Christopher Bruce is the President of Economica and a Professor of Economics at the University of Calgary. He is also the author of Assessment of Personal Injury Damages (Butterworths, 2004).

Spring 2001 issue of the Expert Witness newsletter (volume 6, issue 1)

Contents:

  • Estate Claims Following the Appeal Court Decisions in Duncan and Brooks
    • by Derek Aldridge
    • In this article Derek Aldridge, investigates a number of issues concerning the valuation of estate claims under the Survival of Actions Act. These issues arise from two recent decisions of the Court of Appeal, in Duncan v. Baddeley and Brooks v. Stefura.
  • Evidence About “Customary Practice”
    • by Christopher Bruce
    • In this article Christopher Bruce summarises some recent research that suggests that doctors systematically err when estimating the standards of “ordinary, or common, practice.” In particular, this research finds that doctors overestimate the speed with which patients are treated and diagnosed in emergency rooms. Hence, they systematically bias malpractice suits in favour of plaintiffs.
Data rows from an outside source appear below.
lemma eq_mod_if_dvd_diff: "(i::nat) < p \<Longrightarrow> i \<le> n \<Longrightarrow> p dvd (n - i) \<Longrightarrow> i = n mod p"
  using mod_nat_eqI by presburger

lemma poly_eq_sum_xp_components:
  fixes g :: "'a::field poly"
  assumes "CHAR('a) > 0"
  shows "g = (\<Sum>i<CHAR('a). monom 1 i * xp_component g i)"
proof -
  let ?p = "CHAR('a)"
  have "coeff (\<Sum>i<?p. monom 1 i * xp_component g i) n = coeff g n" for n
  proof -
    have "coeff (\<Sum>i<?p. monom 1 i * xp_component g i) n
        = (\<Sum>i<?p. if i = n mod ?p then coeff g n else 0)"
      unfolding coeff_sum
    proof (intro sum.cong refl)
      fix i assume "i \<in> {..<?p}"
      then have "(i \<le> n \<and> ?p dvd (n - i)) \<longleftrightarrow> i = n mod ?p"
        using eq_mod_if_dvd_diff[of i ?p n] by (auto simp: minus_mod_eq_mult_div[symmetric])
      then show "coeff (monom 1 i * xp_component g i) n = (if i = n mod ?p then coeff g n else 0)"
        by (auto simp: coeff_monom_mult coeff_xp_component[OF assms])
    qed
    also have "\<dots> = coeff g n"
      using assms by simp
    finally show ?thesis .
  qed
  then show ?thesis
    by (simp add: poly_eq_iff)
qed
Evidence About “Customary Practice”

by Christopher Bruce

This article was originally published in the Spring 2001 issue of the Expert Witness.

The standard of care that is expected of a commercial enterprise is often determined by examining the “customary practice” followed by businesses in the defendant’s industry. Obstetricians are compared with other obstetricians; taxi drivers with other taxi drivers; and police departments with other police departments.

The determination of what constitutes the customary practice in an industry is usually left to the testimony of experts drawn from that industry.

In a recent University of Chicago Law School working paper, William Meadow (Associate Professor of Pediatrics) and Cass Sunstein (Professor of Jurisprudence) warn that such expert testimony is likely to be systematically biased. (“Statistics, Not Experts,” John M. Olin Law & Economics Working Paper No. 109, (2d Series) 2000.)

Their argument is not the traditional one – that experts will be reluctant to testify against their colleagues and, therefore, may understate the level of precautions “normally” taken. Rather, they argue that experts will systematically overstate the level of precautions that are normally taken, thereby raising the implicit standard against which defendants will be measured.

M & S base their argument on the oft-noted observation that “most normal people tend to be risk optimists, in the sense that they believe themselves to be relatively immune from risks that are faced by similarly situated others.” For example, they report that 90 percent of drivers believe themselves to be less likely than the average to be involved in a serious accident; and most heavy smokers believe they are not at increased risk of cancer or cardiovascular disease.

M & S report that physicians have been found to be particularly susceptible to this “optimism bias.” In one study, for example, 88 percent of doctors overestimated length of survival for seriously ill patients, by roughly a factor of three. In another, doctors made inaccurate predictions in 80 percent of cases, with overestimates in 63 percent. In a third study, physicians accurately predicted the survival time of cancer patients in only 10 to 30 percent of cases, and the rest of the time they overestimated survival by a factor of two to five.

M & S predict that this proclivity to optimism will affect doctors’ (and other experts’) ability to provide correct estimates of “customary practice.” In particular, they predict that this optimism will lead doctors to overestimate the ease with which they and their colleagues can recognise and treat symptoms and to underestimate the time required to react to medical emergencies.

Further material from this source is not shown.